Durante la pandemia è emersa una sorprendente correlazione tra le ricerche su Internet relative ai farmaci per l’ADHD e dei tassi effettivi di prescrizione. A scoprirlo è stato uno studio pubblicato su Brain Medicine
Durante la pandemia Covid-19 è emersa una sorprendente correlazione tra le ricerche su Internet relative ai farmaci per il disturbo da deficit di attenzione/iperattività (ADHD) e dei tassi effettivi di prescrizione. A scoprirlo è stato un gruppo di ricercatori dell’Università della California a Irvine in uno studio pubblicato sulla rivista Brain Medicine. I ricercatori, coordinati dallo scienziato Steven Grieco, hanno analizzato i dati di Google Trends nell’arco di un periodo di 20 anni, con particolare attenzione al periodo successivo all’inizio della pandemia, da gennaio 2020.
I risultati, spiegano gli esperti, aprono nuove possibilità per l’utilizzo dei dati di ricerca online per prevedere e prevenire la carenza dei farmaci da prescrizione. I ricercatori hanno riscontrato un aumento significativo delle ricerche di farmaci per l’ADHD durante le ondate di Covid-19, il che rispecchiava l’aumento delle prescrizioni di queste tipologie di medicinali. “I dati di Google Trends – spiega Grieco – possono fungere da proxy in tempo reale per l’uso di farmaci da prescrizione, specialmente durante situazioni di salute pubblica in rapido cambiamento o in caso di periodi emergenziali. Questo approccio può rivelarsi particolarmente utile quando i dati effettivi sulle prescrizioni non sono immediatamente disponibili”.
Il gruppo di ricerca ha impiegato tecniche analitiche sofisticate per identificare tendenze e sottotendenze nei dati di ricerca. Allo stesso tempo, gli scienziati hanno valutato le tendenze stagionali per 187 disturbi e 113 parole chiave sui farmaci, fornendo una visione completa dell’interesse pubblico per varie condizioni di salute e trattamenti. L’indagine ha rivelato una forte correlazione tra le ricerche di Google per i farmaci contro l’ADHD e tassi di prescrizione effettivi dal database del Medical Expenditure Panel Survey (MEPS). Questa correlazione è rimasta vera fino all’inizio della pandemia, dopodiché i dati MEPS non sono stati più disponibili. Nei prossimi step, gli autori sperano di comprendere le implicazioni a lungo termine di questi dati e in che modo i dipartimenti di sanità pubblica, i produttori di farmaci e i partner del settore dei dati possono collaborare efficacemente per effettuare previsioni in tempo reale sull’uso pubblico dei farmaci da prescrizione.
Come possibile limitazione del lavoro, gli esperti precisano che i dati potrebbero non essere rappresentativi della popolazione generale. Nonostante ciò, sottolineano gli autori, i risultati hanno implicazioni significative per la salute pubblica e le industrie farmaceutiche. “Sfruttando i dati di Google Trends – conclude Grieco – i funzionari sanitari e i produttori di farmaci potrebbero potenzialmente rilevare i primi segnali di cambiamento nella domanda di medicinali, rispondendo più prontamente alle necessità e riducendo il rischio di carenze. Questo lavoro fornisce un potenziale approccio per il monitoraggio e la previsione delle tendenze in merito di salute pubblica”.

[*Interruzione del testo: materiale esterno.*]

(* Let $K$ be a field, $I\subset R=K[x_1,\ldots,x_n]$ a square-free monomial ideal, and $1\le i\le n$. If $I$ has the copersistence property, then the deletion $I\setminus x_i$ has the copersistence property.
   Context: An ideal $I$ in a commutative Noetherian ring $R$ has the copersistence property if $\mathrm{Ass}_R(R/I^k)\supseteq\mathrm{Ass}_R(R/I^{k+1})$ for all $k\ge1$. If $\{u_1,\ldots,u_m\}$ is the minimal monomial generating set of $I$, the deletion $I\setminus x_i$ is the monomial ideal (in the polynomial ring over $K$ in the variables other than $x_i$) generated by the polynomials obtained from $u_1,\ldots,u_m$ by setting $x_i=0$, i.e. by those $u_k$ not divisible by $x_i$. *)

theory Defs
  imports "HOL-Library.Poly_Mapping" "HOL-Algebra.Ideal_Product"
begin

text \<open>Polynomials over a field K in variables indexed by natural numbers:
  a polynomial is a finitely supported map from monomials (exponent vectors
  nat =>0 nat) to coefficients.  The polynomial ring K[x_v : v \<in> V]
  is the subring of those polynomials whose monomials only involve
  variables from V.\<close>

type_synonym 'k mpoly = "(nat \<Rightarrow>\<^sub>0 nat) \<Rightarrow>\<^sub>0 'k"

definition poly_ring :: "nat set \<Rightarrow> 'k::field mpoly ring" where
  "poly_ring V = \<lparr> carrier = {p :: 'k mpoly. \<forall>m \<in> Poly_Mapping.keys p. Poly_Mapping.keys m \<subseteq> V},
                   mult = (*), one = 1, zero = 0, add = (+) \<rparr>"

definition monomial :: "(nat \<Rightarrow>\<^sub>0 nat) \<Rightarrow> 'k::field mpoly" where
  "monomial a = Poly_Mapping.single a 1"

definition ideal_power :: "('a, 'b) ring_scheme \<Rightarrow> 'a set \<Rightarrow> nat \<Rightarrow> 'a set" where
  "ideal_power R I k = I [^]\<^bsub>ideals_set R\<^esub> k"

Lo studio, tuttavia, punta i riflettori specificatamente sull’ADHD, un disturbo a cui bambini che oggi si trovano in età scolare sono sempre più vulnerabili. “Non bisogna esagerare con l’apprensione, ma neanche sottovalutare il problema”, dicono gli esperti della Società Italiana di Neuropsichiatria dell’Infanzia e dell’Adolescenza (Sinpia), riuniti a Verona in occasione del trentesimo congresso nazionale della Società Scientifica. “Il Deficit di attenzione e iperattività (Adhd) è una condizione che ha caratteristiche precise e stime di prevalenza pari al 2-4% dei bambini, secondo gli studi italiani, dice piega Massimo Molteni, responsabile di psicopatologia dello sviluppo dell’Irccs Eugenio Medea di Lecco e membro Sinpia. “Questa richiede la presa in cura da parte di uno specialista e adeguate terapie in relazione alla gravità”, aggiunge.